▶ **EXTRACTED INFORMATION**:
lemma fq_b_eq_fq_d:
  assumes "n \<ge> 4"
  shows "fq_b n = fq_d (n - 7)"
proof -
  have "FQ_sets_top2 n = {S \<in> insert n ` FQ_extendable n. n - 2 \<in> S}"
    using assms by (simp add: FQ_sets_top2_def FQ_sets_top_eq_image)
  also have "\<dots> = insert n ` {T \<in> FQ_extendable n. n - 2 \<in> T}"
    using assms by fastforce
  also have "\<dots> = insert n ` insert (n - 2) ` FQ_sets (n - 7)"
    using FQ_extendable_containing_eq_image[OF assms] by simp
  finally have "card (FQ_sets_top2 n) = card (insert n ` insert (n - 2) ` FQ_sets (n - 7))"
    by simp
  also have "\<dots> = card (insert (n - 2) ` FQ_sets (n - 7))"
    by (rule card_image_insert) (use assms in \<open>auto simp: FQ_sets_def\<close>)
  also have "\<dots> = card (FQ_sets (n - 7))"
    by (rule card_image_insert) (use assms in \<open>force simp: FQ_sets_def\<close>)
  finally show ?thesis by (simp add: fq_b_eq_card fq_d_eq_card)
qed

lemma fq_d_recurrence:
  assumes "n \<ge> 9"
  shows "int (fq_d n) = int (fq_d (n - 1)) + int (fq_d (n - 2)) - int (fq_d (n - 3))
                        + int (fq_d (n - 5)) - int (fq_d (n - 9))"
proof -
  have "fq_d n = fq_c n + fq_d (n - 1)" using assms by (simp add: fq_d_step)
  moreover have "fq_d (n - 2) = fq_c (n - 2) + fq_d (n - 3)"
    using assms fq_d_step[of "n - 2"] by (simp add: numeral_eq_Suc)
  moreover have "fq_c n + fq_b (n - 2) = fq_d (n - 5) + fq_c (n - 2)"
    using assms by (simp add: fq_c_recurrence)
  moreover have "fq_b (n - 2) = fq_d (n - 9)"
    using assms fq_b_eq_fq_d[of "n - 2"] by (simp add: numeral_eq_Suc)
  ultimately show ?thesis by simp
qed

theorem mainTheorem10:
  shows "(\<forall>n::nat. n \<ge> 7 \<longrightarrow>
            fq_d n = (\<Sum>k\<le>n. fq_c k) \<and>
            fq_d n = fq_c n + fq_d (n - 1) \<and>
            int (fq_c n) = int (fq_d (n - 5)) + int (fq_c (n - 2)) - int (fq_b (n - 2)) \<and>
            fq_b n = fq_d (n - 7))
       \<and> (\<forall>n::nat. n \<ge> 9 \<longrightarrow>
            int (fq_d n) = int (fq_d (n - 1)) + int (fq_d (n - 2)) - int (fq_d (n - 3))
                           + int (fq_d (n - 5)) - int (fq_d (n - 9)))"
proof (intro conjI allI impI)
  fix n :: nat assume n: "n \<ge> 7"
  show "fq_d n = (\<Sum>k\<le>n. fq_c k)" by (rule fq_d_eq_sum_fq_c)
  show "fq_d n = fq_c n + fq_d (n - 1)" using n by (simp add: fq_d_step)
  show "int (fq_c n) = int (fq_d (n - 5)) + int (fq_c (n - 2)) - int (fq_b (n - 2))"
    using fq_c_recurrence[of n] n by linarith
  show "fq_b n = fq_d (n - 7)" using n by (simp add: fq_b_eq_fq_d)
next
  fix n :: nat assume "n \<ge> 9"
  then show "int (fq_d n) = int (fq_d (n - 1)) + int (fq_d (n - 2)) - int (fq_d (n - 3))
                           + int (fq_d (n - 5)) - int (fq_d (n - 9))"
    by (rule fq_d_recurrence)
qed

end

▶ **TASK OBJECTIVE**:
What lines in the records contain the word "finally"? Return each one.

▶ **RESULT OF THIS TASK**:
  finally have "card (FQ_sets_top2 n) = card (insert n ` insert (n - 2) ` FQ_sets (n - 7))"
  finally show ?thesis by (simp add: fq_b_eq_card fq_d_eq_card)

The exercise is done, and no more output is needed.